3. Who do I like better?
Well, from the other answers it is quite obvious. I like Arthur more because he seems to have more punch to him, more spirit. He's a fuller character. Everett came off has a bit cool (cold is too strong, he wasn't mean) - a good contrast with Arthur's warmth. For the contrast, I congratulate you, purposeful or not. These review seems rather negative but I assure you, I fully enjoyed reading this chapter and the characters were all around pleasing. It was well written, one of your best in that category in fact -- although its so hard to choose.

I look forward to getting to know these characters and the rest better.

Thanks again for the reviews, like you I get way too excited. I need a gifted person like you to help me edited my mishmush. Keep writing. I can't believe you are only a freshman.

-Stasia, Always.
Scotia Rain 2003-08-22 . chapter 4
You updated!

I like Everett and Arthur. I'm more curious about the former; I think his role in this story is most promising.

But besides your characters, I must keep raving about your writing style. The passage you wrote about Wilfred entering the "Daily News" building struck some cords of jealousy within me! There's something in your writing that's very professional and otherwise publishable (that *is* a word, right?)... I haven't encountered anything quite like it at FictionPress.

Which explains my mindless raving. I'm just glad I found this story! I wish you'd update more, though!
Lady E 2003-08-21 . chapter 4
Soiree! I love that word!
favorite character? Arthur, it's gotta be Arthur. Big and friendly like a bear, only with the sharpness of an eagle. *shrugs* or maybe not, but I like him anyway. ^__^ Can't wait for your next chapter!

~Lady E
Lady E 2003-08-19 . chapter 3
Charming! Very very charming! And the last chapter was not at all lame, the ending or otherwise. What enchanting writing in this one!

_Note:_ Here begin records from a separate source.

(* Let $(\mathcal{X},\rho)$ be a metric space, $\eta:\mathcal{X}\to\mathcal{Y}$ a function, and $x\in\mathcal{X}$. For any $0<r<\mathrm{margin}_\eta(x)/3$, the open ball $B(x,r)$ is mutually-labeling for $\eta$.
   Context: $\mathrm{margin}_\eta(x)=\inf\{\rho(x,x'):\eta(x')\ne\eta(x)\}$ (infimum of empty set $=+\infty$). A set $U$ is mutually-labeling for $\eta$ if $\mathrm{diam}(U)<\mathrm{margin}_\eta(x)$ for all $x\in U$, where $\mathrm{diam}(U)=\sup_{z,z'\in U}\rho(z,z')$. *)

theory Defs
  imports "HOL-Analysis.Analysis" "HOL-Library.Extended_Real"
begin

text \<open>margin, valued in extended reals so that the infimum of the empty set is +infinity.\<close>
definition margin :: "('a::metric_space \<Rightarrow> 'b) \<Rightarrow> 'a \<Rightarrow> ereal" where
  "margin \<eta> x = (INF x'\<in>{x'. \<eta> x' \<noteq> \<eta> x}. ereal (dist x x'))"

definition diam_e :: "('a::metric_space) set \<Rightarrow> ereal" where
  "diam_e U = (SUP p\<in>U \<times> U. ereal (dist (fst p) (snd p)))"

definition mutually_labeling :: "('a::metric_space \<Rightarrow> 'b) \<Rightarrow> 'a set \<Rightarrow> bool" where
  "mutually_labeling \<eta> U \<longleftrightarrow> (\<forall>x\<in>U. diam_e U < margin \<eta> x)"

end

theory Submission
  imports Defs
begin

text \<open>The margin is 1-Lipschitz, so every point of \<open>B(x, r)\<close> has margin greater than
  \<open>margin \<eta> x - r > 2r\<close>, while the ball has diameter at most \<open>2r\<close>.\<close>

lemma margin_le_dist:
  assumes "\<eta> x' \<noteq> \<eta> x"
  shows "margin \<eta> x \<le> ereal (dist x x')"
  unfolding margin_def using assms by (auto intro: INF_lower)

lemma margin_le_margin_add_dist:
  "margin \<eta> x \<le> margin \<eta> y + ereal (dist x y)"
proof -
  have "margin \<eta> x - ereal (dist x y) \<le> margin \<eta> y"
    unfolding margin_def [of \<eta> y]
  proof (rule INF_greatest)
    fix x' assume "x' \<in> {x'. \<eta> x' \<noteq> \<eta> y}"
    then have "\<eta> x' \<noteq> \<eta> x \<or> \<eta> y \<noteq> \<eta> x" by auto
    then have "margin \<eta> x \<le> ereal (dist x x') \<or> margin \<eta> x \<le> ereal (dist x y)"
      using margin_le_dist by blast
    moreover have "dist x x' \<le> dist y x' + dist x y" "dist x y \<le> dist y x' + dist x y"
      using dist_triangle [of x x' y] by (simp_all add: dist_commute)
    ultimately have "margin \<eta> x \<le> ereal (dist y x') + ereal (dist x y)"
      by (auto elim: order_trans)
    then show "margin \<eta> x - ereal (dist x y) \<le> ereal (dist y x')"
      by (simp add: ereal_minus_le)
  qed
  then show ?thesis by (simp add: ereal_minus_le)
qed

lemma diam_e_ball_le: "diam_e (ball x r) \<le> ereal (2 * r)"
  unfolding diam_e_def
proof (rule SUP_least)
  fix p assume "p \<in> ball x r \<times> ball x r"
  then show "ereal (dist (fst p) (snd p)) \<le> ereal (2 * r)"
    using dist_triangle [of "fst p" "snd p" x] by (auto simp: dist_commute mem_Times_iff)
qed

theorem lemma3:
  fixes \<eta> :: "'a::metric_space \<Rightarrow> 'b" and x :: 'a and r :: real
  assumes "0 < r" and "ereal r < margin \<eta> x / 3"
  shows "mutually_labeling \<eta> (ball x r)"
  unfolding mutually_labeling_def
proof
  fix y assume "y \<in> ball x r"
  have "ereal (3 * r) < margin \<eta> x"
    using assms(2) by (simp add: ereal_less_divide_iff mult.commute)
  also have "\<dots> \<le> margin \<eta> y + ereal (dist x y)"
    by (rule margin_le_margin_add_dist)
  finally have margin_y: "ereal (3 * r - dist x y) < margin \<eta> y"
    using ereal_minus_less [of "ereal (dist x y)" "ereal (3 * r)"] by simp
  have "diam_e (ball x r) \<le> ereal (2 * r)"
    by (rule diam_e_ball_le)
  also have "\<dots> < ereal (3 * r - dist x y)"
    using \<open>y \<in> ball x r\<close> by simp
  also note margin_y
  finally show "diam_e (ball x r) < margin \<eta> y" .
qed

end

"A few scraps of ancient teal paint were knocked from the door, and they drifted to the floor, where some rats would probably feast on them later."

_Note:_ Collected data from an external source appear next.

(* For every $\epsilon\ge1$ and all sufficiently large $n$, there exists a binary $k$-PIR code $[N,n,k]^P$ with $k=\Theta(n^\epsilon)$ and $N=\mathcal{O}(n^{\epsilon^+})$, i.e., $N=\mathcal{O}(n^{\epsilon+\tau})$ for every $\tau>0$.
   Context: A binary $[N,n,k]^P$ code ($k$-PIR code) is a binary linear code of length $N$ encoding $n$ information bits such that for every information bit $x_i$ there exist $k$ mutually disjoint sets $R_{i,1},\dots,R_{i,k}\subseteq\{1,\dots,N\}$ such that, for each $j$, $x_i$ is a function of the codeword bits indexed by $R_{i,j}$. *)

theory Defs
  imports Complex_Main "HOL-Library.Z2" "HOL-Library.Landau_Symbols"
begin

text \<open>Messages: binary vectors of length n, represented as functions nat \<Rightarrow> bit
  vanishing outside {..<n}.\<close>
definition msgs :: "nat \<Rightarrow> (nat \<Rightarrow> bit) set" where
  "msgs n = {x. \<forall>i. n \<le> i \<longrightarrow> x i = 0}"

definition encode :: "(nat \<Rightarrow> nat \<Rightarrow> bit) \<Rightarrow> nat \<Rightarrow> nat \<Rightarrow> (nat \<Rightarrow> bit) \<Rightarrow> (nat \<Rightarrow> bit)" where
  "encode G N n x = (\<lambda>j. if j < N then (\<Sum>i<n. G j i * x i) else 0)"

definition restrict_word :: "nat set \<Rightarrow> (nat \<Rightarrow> bit) \<Rightarrow> (nat \<Rightarrow> bit)" where
  "restrict_word R c = (\<lambda>j. if j \<in> R then c j else 0)"

definition is_PIR_code :: "(nat \<Rightarrow> nat \<Rightarrow> bit) \<Rightarrow> nat \<Rightarrow> nat \<Rightarrow> nat \<Rightarrow> bool" where
  "is_PIR_code G N n k \<longleftrightarrow>
     inj_on (encode G N n) (msgs n) \<and>
     (\<forall>i<n. \<exists>R :: nat \<Rightarrow> nat set.
        (\<forall>j<k. R j \<subseteq> {..<N}) \<and>
        (\<forall>j<k. \<forall>j'<k. j \<noteq> j' \<longrightarrow> R j \<inter> R j' = {}) \<and>
        (\<forall>j<k. \<exists>f :: (nat \<Rightarrow> bit) \<Rightarrow> bit.
           \<forall>x\<in>msgs n. f (restrict_word (R j) (encode G N n x)) = x i))"

definition PIR_code_exists :: "nat \<Rightarrow> nat \<Rightarrow> nat \<Rightarrow> bool" where
  "PIR_code_exists N n k \<longleftrightarrow> (\<exists>G. is_PIR_code G N n k)"

end

theory Submission
  imports Defs "HOL-Algebra.Algebraic_Closure_Type" "HOL-Library.Countable_Set"
begin

text \<open>
  Let \<open>q = 2^s\<close> and place the \<open>n\<close> message bits on a grid \<open>A^m \<subseteq> GF(q)^m\<close> with
  \<open>|A| = a\<close>, \<open>n \<le> a^m\<close>; let \<open>f\<close> be the interpolating polynomial, of degree \<open>< a\<close> in each
  variable. The code has one bit \<open>tr(w f(p))\<close> for every \<open>(w, p) \<in> GF(q) \<times> GF(q)^m\<close>, so
  \<open>N = q^(m+1)\<close>; as the trace form is nondegenerate, the \<open>q\<close> bits over \<open>p\<close> determine \<open>f(p)\<close>.
  On a line through the grid point of bit \<open>i\<close>, \<open>f\<close> is a polynomial of degree
  \<open>\<le> m(a - 1) < q - 1\<close> in the line parameter, so its restriction to the line minus that point determines bit
  \<open>i\<close>. The \<open>q^(m-1)\<close> lines through the point whose direction has first coordinate \<open>1\<close>
  meet only there, giving \<open>k = q^(m-1)\<close> disjoint recovery sets.

  With \<open>a = \<lceil>n^(1/m)\<rceil>\<close> and \<open>q \<approx> m n^(\<epsilon>/(m-1))\<close> this gives \<open>k \<ge> n^\<epsilon>\<close> and
  \<open>N \<le> O(m)^(m+1) n^(\<epsilon>(m+1)/(m-1))\<close>. Letting \<open>m\<close> grow like \<open>(ln n)^(1/4)\<close> makes both
  \<open>O(m)^(m+1)\<close> and \<open>n^(2\<epsilon>/(m-1))\<close> of size \<open>n^o(1)\<close>.
\<close>

section \<open>Finite subfields of an algebraically closed field and their trace\<close>

lemma poly_pderiv_at_double_root:
  fixes p :: "'a::idom poly"
  assumes "[:-x, 1:] ^ 2 dvd p"
  shows "poly (pderiv p) x = 0"
proof -
  obtain r where "p = [:-x, 1:] * [:-x, 1:] * r" using assms by (auto simp: power2_eq_square)
  then show ?thesis by (simp only: pderiv_mult poly_add poly_mult) simp
qed

lemma card_roots_eq_degree:
  fixes p :: "'a::alg_closed_field poly"
  assumes "p \<noteq> 0" and simple: "\<And>x. poly p x = 0 \<Longrightarrow> poly (pderiv p) x \<noteq> 0"
  shows "card {x. poly p x = 0} = degree p"
proof -
  obtain A where A: "size A = degree p" "p = smult (lead_coeff p) (\<Prod>x\<in>#A. [:-x, 1:])"
    using alg_closed_imp_factorization[OF \<open>p \<noteq> 0\<close>] by blast
  have roots: "{x. poly p x = 0} = set_mset A"
    using \<open>p \<noteq> 0\<close> by (subst A(2)) (auto simp: poly_prod_mset prod_mset_zero_iff)
  have "count A x \<le> 1" for x
  proof (rule ccontr)
    assume "\<not> count A x \<le> 1"
    then have "{#x, x#} \<subseteq># A" by (simp add: subseteq_mset_def)
    then obtain B where "A = {#x, x#} + B" by (metis subset_mset.add_diff_inverse)
    then have "p = smult (lead_coeff p) ([:-x, 1:] * ([:-x, 1:] * (\<Prod>y\<in>#B. [:-y, 1:])))"
      by (subst A(2)) simp
    then have "[:-x, 1:] ^ 2 dvd p" by (metis dvd_smult dvd_triv_left mult.assoc power2_eq_square)
    moreover have "poly p x = 0" using \<open>{#x, x#} \<subseteq># A\<close> roots by (auto dest: mset_subset_eqD)
    ultimately show False using simple poly_pderiv_at_double_root by blast
  qed
  then have "A = mset_set (set_mset A)"
    by (intro multiset_eqI) (simp add: count_mset_set' le_Suc_eq count_eq_zero_iff)
  then show ?thesis by (metis roots A(1) size_mset_set)
qed

definition GF :: "nat \<Rightarrow> 'a::field_prime_char set" where
  "GF s = {x. x ^ (CHAR('a) ^ s) = x}"

lemma GF_0 [simp]: "0 \<in> GF s"
  by (simp add: GF_def)

lemma GF_1 [simp]: "1 \<in> GF s"
  by (simp add: GF_def)

lemma GF_add: "x \<in> GF s \<Longrightarrow> y \<in> GF s \<Longrightarrow> x + y \<in> GF s"
  by (simp add: GF_def freshmans_dream')

lemma GF_uminus:
  assumes "x \<in> GF s"
  shows "- x \<in> GF s"
proof -
  have "x ^ (CHAR('a) ^ s) + (- x) ^ (CHAR('a) ^ s) = (x + - x) ^ (CHAR('a) ^ s)"
    by (rule freshmans_dream'[symmetric]) simp_all
  then show ?thesis using assms by (simp add: GF_def add_eq_0_iff power_0_left)
qed

lemma GF_diff: "x \<in> GF s \<Longrightarrow> y \<in> GF s \<Longrightarrow> x - y \<in> GF s"
  using GF_add[of x s "- y"] GF_uminus[of y s] by simp

lemma GF_mult: "x \<in> GF s \<Longrightarrow> y \<in> GF s \<Longrightarrow> x * y \<in> GF s"
  by (simp add: GF_def power_mult_distrib)

lemma GF_inverse: "x \<in> GF s \<Longrightarrow> inverse x \<in> GF s"
  by (simp add: GF_def power_inverse)

lemma GF_divide: "x \<in> GF s \<Longrightarrow> y \<in> GF s \<Longrightarrow> x / y \<in> GF s"
  by (simp add: divide_inverse GF_mult GF_inverse)

lemma GF_sum: "(\<And>i. i \<in> A \<Longrightarrow> f i \<in> GF s) \<Longrightarrow> sum f A \<in> GF s"
  by (induction A rule: infinite_finite_induct) (auto intro: GF_add)

lemma GF_prod: "(\<And>i. i \<in> A \<Longrightarrow> f i \<in> GF s) \<Longrightarrow> prod f A \<in> GF s"
  by (induction A rule: infinite_finite_induct) (auto intro: GF_mult)

lemma GF_1_power: "(c :: 'a::field_prime_char) \<in> GF 1 \<Longrightarrow> c ^ (CHAR('a) ^ j) = c"
  by (induction j) (auto simp: GF_def power_mult)

text \<open>\<open>GF s\<close> is the set of roots of the separable polynomial \<open>X\<^sup>q - X\<close>, \<open>q = CHAR('a) ^ s\<close>,
  whose derivative is the constant \<open>-1\<close>.\<close>

lemma card_GF:
  assumes "s \<ge> 1"
  shows "finite (GF s :: 'a::{alg_closed_field, field_prime_char} set)"
    and "card (GF s :: 'a set) = CHAR('a) ^ s"
proof -
  define q where "q = CHAR('a) ^ s"
  have "CHAR('a) \<ge> 2" using prime_ge_2_nat[OF CHAR_prime] .
  then have q: "q \<ge> 2" unfolding q_def using assms
    by (metis power_increasing power_one_right le_trans one_le_numeral)
  define P :: "'a poly" where "P = monom 1 q + [:0, -1:]"
  have deg: "degree P = q" unfolding P_def using q
    by (subst degree_add_eq_left) (auto simp: degree_monom_eq)
  then have "P \<noteq> 0" using q by auto
  have roots: "GF s = {x. poly P x = 0}"
    by (simp add: GF_def P_def poly_monom q_def)
  have "(of_nat q :: 'a) = 0" using assms by (simp add: q_def of_nat_eq_0_iff_char_dvd)
  then have "pderiv P = [:-1:]" by (simp add: P_def pderiv_add pderiv_monom pderiv_pCons)
  then have "card {x. poly P x = 0} = degree P"
    by (intro card_roots_eq_degree \<open>P \<noteq> 0\<close>) simp
  then show "card (GF s :: 'a set) = CHAR('a) ^ s" using roots deg q_def by simp
  show "finite (GF s :: 'a set)" using roots poly_roots_finite[OF \<open>P \<noteq> 0\<close>] by simp
qed

definition trace :: "nat \<Rightarrow> 'a::field_prime_char \<Rightarrow> 'a" where
  "trace s y = (\<Sum>j<s. y ^ (CHAR('a) ^ j))"

lemma trace_0 [simp]: "trace s 0 = 0"
  by (simp add: trace_def power_0_left)

lemma trace_add: "trace s (x + y) = trace s x + trace s y"
  by (simp add: trace_def freshmans_dream' sum.distrib)

lemma trace_diff: "trace s (x - y) = trace s x - trace s y"
  using trace_add[of s "x - y" y] by (simp add: algebra_simps)

lemma trace_sum: "trace s (\<Sum>i\<in>A. f i) = (\<Sum>i\<in>A. trace s (f i))"
  by (induction A rule: infinite_finite_induct) (auto simp: trace_add)

lemma trace_scale: "c \<in> GF 1 \<Longrightarrow> trace s (c * y) = c * trace s y"
  by (simp add: trace_def power_mult_distrib GF_1_power sum_distrib_left)

lemma trace_in_GF_1:
  assumes "y \<in> GF s"
  shows "trace s y \<in> GF 1"
proof -
  define f where "f j = y ^ (CHAR('a) ^ j)" for j
  have "trace s y ^ CHAR('a) = (\<Sum>j<s. f (Suc j))"
    by (simp add: trace_def f_def freshmans_dream_sum flip: power_mult) (simp add: mult.commute)
  also have "\<dots> = (\<Sum>j<Suc s. f j) - f 0"
    by (simp add: sum.lessThan_Suc_shift del: sum.lessThan_Suc)
  also have "\<dots> = trace s y"
    using assms by (simp add: f_def trace_def GF_def)
  finally show ?thesis by (simp add: GF_def)
qed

This is perhaps my favorite sentence in this chapter!

Your new characters too are charming! Nettie suits me better, practical and dependable. But I really like them all!

great job,
Lady E
faery tragedy 2003-08-17 . chapter 4
I like the new characters as I like all of your characters. But I have to say I enjoy Everett greatly. He seems to have this air of charm and mellowness. Ladies' man, huh? Perhaps it is his "Cuban treasures" doin' the work?

My dad was thinking of smuggled those "cuban treasures" out of Jamaica. He didn't though. (What do you think I'd tell you and have the cops on our back? My dad couldn't outrun the cops.)

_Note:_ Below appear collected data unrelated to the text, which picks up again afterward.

(* In the setting below, suppose condition (B) holds: there exist $C>0$, $R>0$ and $M\in\mathbb{N}$ such that for all $r\in(0,R)$ and all integers $m\ge M$, if $\mathbb{P}_X(S_r)>0$ then $$\mathbb{E}\big[|\eta(X^x_m)-\eta(x)|\ \big|\ X^x_m\in S_r\big]\le C\,\mathbb{E}\big[|\eta(X)-\eta(x)|\ \big|\ X\in S_r\big].$$ If $x$ is a Lebesgue point for $\eta$ with respect to $\mathbb{P}_X$, then $\mathbb{E}[|\eta(X^x_m)-\eta(x)|]\to 0$ as $m\to\infty$.
   Context: Let $(\mathcal{X},d)$ be a metric space with its Borel $\sigma$-algebra, let $(\Omega,\mathcal{F},\mathbb{P})$ be a probability space, and let $X,X_1,X_2,\dots$ be i.i.d. $\mathcal{X}$-valued random variables with common law $\mathbb{P}_X$. For $x\in\mathcal{X}$ and $r>0$ write $\bar B_r=\{x':d(x,x')\le r\}$ and $S_r=\{x':d(x,x')=r\}$. The support of $\mathbb{P}_X$ is the set of $x$ such that $\mathbb{P}_X(\bar B_r(x))>0$ for all $r>0$. Fix $x$ in the support of $\mathbb{P}_X$ and a bounded measurable $\eta:\mathcal{X}\to\mathbb{R}$. For each $m\in\mathbb{N}$, a nearest neighbor of $x$ among $X_1,\dots,X_m$ is a measurable $X^x_m:\Omega\to\mathcal{X}$ with $X^x_m(\omega)\in\arg\min_{x'\in\{X_1(\omega),\dots,X_m(\omega)\}}d(x,x')$ for every $\omega\in\Omega$; fix such a sequence $(X^x_m)_{m\in\mathbb{N}}$. Conditional expectations given an event $A$ of positive probability mean $\mathbb{E}[Z\mid A]=\mathbb{E}[Z\mathbb{I}_A]/\mathbb{P}(A)$ (note $\mathbb{P}_X(S_r)>0$ iff $\mathbb{P}(X^x_m\in S_r)>0$). The point $x$ is a Lebesgue point if $\mathbb{E}[\mathbb{I}_{\bar B_r}(X)\,|\eta(X)-\eta(x)|]/\mathbb{P}_X(\bar B_r)\to 0$ as $r\to 0^+$. *)

theory Defs
  imports "HOL-Probability.Probability"
begin

end

theory Submission
  imports Defs
begin

text \<open>Split the error at a small radius \<open>\<delta>\<close>. Beyond \<open>\<delta>\<close> the integrand is bounded, and the
  nearest neighbour lies that far only if all \<open>m\<close> samples do, which has probability
  \<open>(1 - P(d(x,X) \<le> \<delta>))^m \<rightarrow> 0\<close> because \<open>x\<close> is in the support. Within \<open>\<delta>\<close>, the law of
  \<open>d(x, X_m)\<close> has a density \<open>k_m\<close> with respect to that of \<open>d(x,X)\<close>: the ratio of point masses on
  the countably many radii charged by \<open>d(x,X)\<close>, and \<open>m P(d(x,X) \<ge> r)^(m-1)\<close> elsewhere. On the
  charged radii condition (B) bounds the error of the nearest neighbour by \<open>C\<close> times that of
  \<open>X\<close>; elsewhere a union bound over the index of the nearest sample does so with constant 1.
  Finally \<open>k_m\<close> is antitone with total mass at most 2, so by the layer cake formula the
  \<open>k_m\<close>-weighted error of \<open>X\<close> is a mixture of its mean errors on balls of radius at most \<open>\<delta>\<close>,
  which are small at a Lebesgue point.\<close>

section \<open>Measure-theoretic preliminaries\<close>

lemma power_diff_div_bounds:
  fixes a b :: real
  assumes "0 \<le> b" "b < a"
  shows "real m * b^(m-1) \<le> (a^m - b^m)/(a-b)" "(a^m - b^m)/(a-b) \<le> real m * a^(m-1)"
proof -
  have sum_eq: "(a^m - b^m)/(a-b) = (\<Sum>i<m. b^(m - Suc i) * a^i)"
    using assms by (simp add: power_diff_sumr2)
  have lower: "b^(m-1) \<le> b^(m - Suc i) * a^i" if "i < m" for i
  proof -
    have "b^(m-1) = b^(m - Suc i) * b^i" using that by (simp add: power_add[symmetric])
    also have "\<dots> \<le> b^(m - Suc i) * a^i"
      using assms by (intro mult_left_mono power_mono) auto
    finally show ?thesis .
  qed
  have upper: "b^(m - Suc i) * a^i \<le> a^(m-1)" if "i < m" for i
  proof -
    have "b^(m - Suc i) * a^i \<le> a^(m - Suc i) * a^i"
      using assms by (intro mult_right_mono power_mono) auto
    also have "\<dots> = a^(m-1)" using that by (simp add: power_add[symmetric])
    finally show ?thesis .
  qed
  show "real m * b^(m-1) \<le> (a^m - b^m)/(a-b)"
    unfolding sum_eq using sum_bounded_below[of "{..<m}" "b^(m-1)", OF lower] by simp
  show "(a^m - b^m)/(a-b) \<le> real m * a^(m-1)"
    unfolding sum_eq using sum_bounded_above[of "{..<m}", OF upper] by simp
qed

lemma tendsto_indicator_atMost_lessThan:
  "(\<lambda>n. indicator {..s - 1 / Suc n} (z::real) :: real) \<longlonglongrightarrow> indicator {..<s} z"
proof (cases "z < s")
  case True
  then obtain N where N: "inverse (real (Suc N)) < s - z" using reals_Archimedean[of "s - z"] by auto
  have "eventually (\<lambda>n. indicator {..s - 1 / Suc n} z = (indicator {..<s} z :: real)) sequentially"
    unfolding eventually_sequentially
  proof (intro exI allI impI)
    fix n assume "N \<le> n"
    then have "1 / real (Suc n) \<le> 1 / real (Suc N)" by (intro divide_left_mono) auto
    then have "z \<le> s - 1 / Suc n" using N by (simp add: inverse_eq_divide)
    then show "indicator {..s - 1 / Suc n} z = (indicator {..<s} z :: real)" using True by simp
  qed
  then show ?thesis by (rule tendsto_eventually)
next
  case False
  have "indicator {..s - 1 / Suc n} z = (0::real)" for n
  proof -
    have "s - 1 / Suc n < s" by simp
    then have "\<not> z \<le> s - 1 / Suc n" using False by linarith
    then show ?thesis by (simp add: indicator_def)
  qed
  then show ?thesis using False by simp
qed

lemma tendsto_at_right_0_ratio_le:
  fixes f g :: "real \<Rightarrow> real"
  assumes "((\<lambda>r. f r / g r) \<longlongrightarrow> 0) (at_right 0)" and g_pos: "\<And>r. 0 < r \<Longrightarrow> 0 < g r"
    and "0 < \<epsilon>" "0 < R"
  obtains \<delta> where "0 < \<delta>" "\<delta> < R" "\<And>s. 0 < s \<Longrightarrow> s \<le> \<delta> \<Longrightarrow> f s \<le> \<epsilon> * g s"
proof -
  obtain b where "0 < b" and b: "\<And>s. 0 < s \<Longrightarrow> s < b \<Longrightarrow> \<bar>f s / g s\<bar> < \<epsilon>"
    using tendstoD[OF assms(1) \<open>0 < \<epsilon>\<close>] by (auto simp: eventually_at_right_field dist_real_def)
  define \<delta> where "\<delta> = min (b / 2) (R / 2)"
  have "f s \<le> \<epsilon> * g s" if "0 < s" "s \<le> \<delta>" for s
  proof -
    have "s < b" using that \<open>0 < b\<close> by (simp add: \<delta>_def)
    then have "f s / g s < \<epsilon>" using b[OF \<open>0 < s\<close>] abs_ge_self[of "f s / g s"] by linarith
    then show ?thesis using g_pos[OF \<open>0 < s\<close>] by (simp add: pos_divide_less_eq less_imp_le mult.commute)
  qed
  moreover have "0 < \<delta>" "\<delta> < R" using \<open>0 < b\<close> \<open>0 < R\<close> by (auto simp: \<delta>_def)
  ultimately show ?thesis using that by blast
qed

context finite_measure
begin

lemma integrable_real_bounded:
  fixes f :: "'a \<Rightarrow> real"
  assumes "f \<in> borel_measurable M" "\<And>\<omega>. \<omega> \<in> space M \<Longrightarrow> \<bar>f \<omega>\<bar> \<le> C"
  shows "integrable M f"
  using assms by (intro integrable_const_bound[where B=C]) auto

lemma nn_integral_eq_integral_bounded:
  fixes f :: "'a \<Rightarrow> real"
  assumes "f \<in> borel_measurable M" "\<And>\<omega>. 0 \<le> f \<omega>" "\<And>\<omega>. f \<omega> \<le> c"
  shows "(\<integral>\<^sup>+\<omega>. ennreal (f \<omega>) \<partial>M) = ennreal (\<integral>\<omega>. f \<omega> \<partial>M)"
  using assms order_trans[OF assms(2,3)]
  by (intro nn_integral_eq_integral integrable_real_bounded[where C=c]) auto

lemma integral_indicator_comp:
  "(\<integral>\<omega>. (indicator T (Z \<omega>) :: real) \<partial>M) = measure M {\<omega>\<in>space M. Z \<omega> \<in> T}"
proof -
  have "(\<integral>\<omega>. (indicator T (Z \<omega>) :: real) \<partial>M) = (\<integral>\<omega>. indicator {\<omega>\<in>space M. Z \<omega> \<in> T} \<omega> \<partial>M)"
    by (intro Bochner_Integration.integral_cong) (auto split: split_indicator)
  then show ?thesis by (simp add: Int_absorb2)
qed

lemma integral_of_bool: "(\<integral>\<omega>. (of_bool (P \<omega>) :: real) \<partial>M) = measure M {\<omega>\<in>space M. P \<omega>}"
proof -
  have "(\<integral>\<omega>. (of_bool (P \<omega>) :: real) \<partial>M) = (\<integral>\<omega>. indicator {\<omega>\<in>space M. P \<omega>} \<omega> \<partial>M)"
    by (intro Bochner_Integration.integral_cong) (auto split: split_indicator)
  then show ?thesis by (simp add: Int_absorb2)
qed

text \<open>The image of the measure with density \<open>f\<close> under \<open>Z\<close> is atomic on the countable set \<open>A\<close>.\<close>

lemma integral_indicator_countable:
  fixes f Z :: "'a \<Rightarrow> real"
  assumes [measurable]: "f \<in> borel_measurable M" "Z \<in> borel_measurable M"
    and f_nonneg: "\<And>\<omega>. 0 \<le> f \<omega>" and f_le: "\<And>\<omega>. f \<omega> \<le> c" and A: "countable A"
  shows "ennreal (\<integral>\<omega>. f \<omega> * indicator A (Z \<omega>) \<partial>M)
     = (\<integral>\<^sup>+r. ennreal (\<integral>\<omega>. f \<omega> * indicator {r} (Z \<omega>) \<partial>M) \<partial>count_space A)"
proof -
  have "0 \<le> c" using f_nonneg f_le by (meson order_trans)
  let ?N = "distr (density M (\<lambda>\<omega>. ennreal (f \<omega>))) borel Z"
  have emeasure_N: "emeasure ?N S = ennreal (\<integral>\<omega>. f \<omega> * indicator S (Z \<omega>) \<partial>M)"
    if [measurable]: "S \<in> sets borel" for S
  proof -
    have "emeasure ?N S = emeasure (density M (\<lambda>\<omega>. ennreal (f \<omega>))) (Z -` S \<inter> space M)"
      by (subst emeasure_distr) auto
    also have "\<dots> = (\<integral>\<^sup>+\<omega>. ennreal (f \<omega>) * indicator (Z -` S \<inter> space M) \<omega> \<partial>M)"
      by (rule emeasure_density) auto
    also have "\<dots> = (\<integral>\<^sup>+\<omega>. ennreal (f \<omega> * indicator S (Z \<omega>)) \<partial>M)"
      by (intro nn_integral_cong) (auto split: split_indicator)
    also have "\<dots> = ennreal (\<integral>\<omega>. f \<omega> * indicator S (Z \<omega>) \<partial>M)"
      by (rule nn_integral_eq_integral_bounded[where c=c])
        (use f_nonneg f_le \<open>0 \<le> c\<close> in \<open>auto split: split_indicator\<close>)
    finally show ?thesis .
  qed
  have "A \<in> sets borel" by (rule sets.countable[OF _ A]) auto
  then have "ennreal (\<integral>\<omega>. f \<omega> * indicator A (Z \<omega>) \<partial>M) = emeasure ?N A"
    by (simp add: emeasure_N)
  also have "\<dots> = (\<integral>\<^sup>+r. emeasure ?N {r} \<partial>count_space A)"
    by (rule emeasure_countable_singleton[OF _ A]) auto
  also have "\<dots> = (\<integral>\<^sup>+r. ennreal (\<integral>\<omega>. f \<omega> * indicator {r} (Z \<omega>) \<partial>M) \<partial>count_space A)"
    by (intro nn_integral_cong emeasure_N) auto
  finally show ?thesis .
qed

But Arthur's pretty cool, too. He had the good idea to invite Jane and Cora to the soriee.

Thank you for the description of a "Gibson Girl". That's very interesting, you know. I wasn't expecting an old fashioned chick who 'submitted to the male race'. I rather thought it meant someone niave or girlish.

Update soon!

*Faery Tragedy
tricklingdust 2003-08-17 . chapter 4
Wow, I just found you (and I did review your poem, which is pointing out the obvious. I will stop now), and already you're one of my favorite authors. I love how you researched the time period; it's brilliant. GREAT job, please update soon. ^_^
aims 80 (too lazy to sign in today) 2003-08-16 . chapter 4
Very interesting story so far, keep up the good work.
luv Aims :)
Liriel87 2003-08-15 . chapter 4
I like the two new characters alot! Especially together! Well I liked the chapter!! Very nice! Update soon!
Liriel
Lady E 2003-08-15 . chapter 1
Wonderful, wonderful beginning! You say this is your first original fiction? But, how is that to be, when you write so professionally? ^__^ No, I'm not joking. You have definite talent.

As for separating this into two chapters...I'm not sure the effect of this chapter would be so marvelous if you divided it into two. This, as one chapter, is a very good intro, and I don't suggest you change it too much. Just my opinion, if it's worth anything.

once again, OutlawEris, you've quite outdone yourself.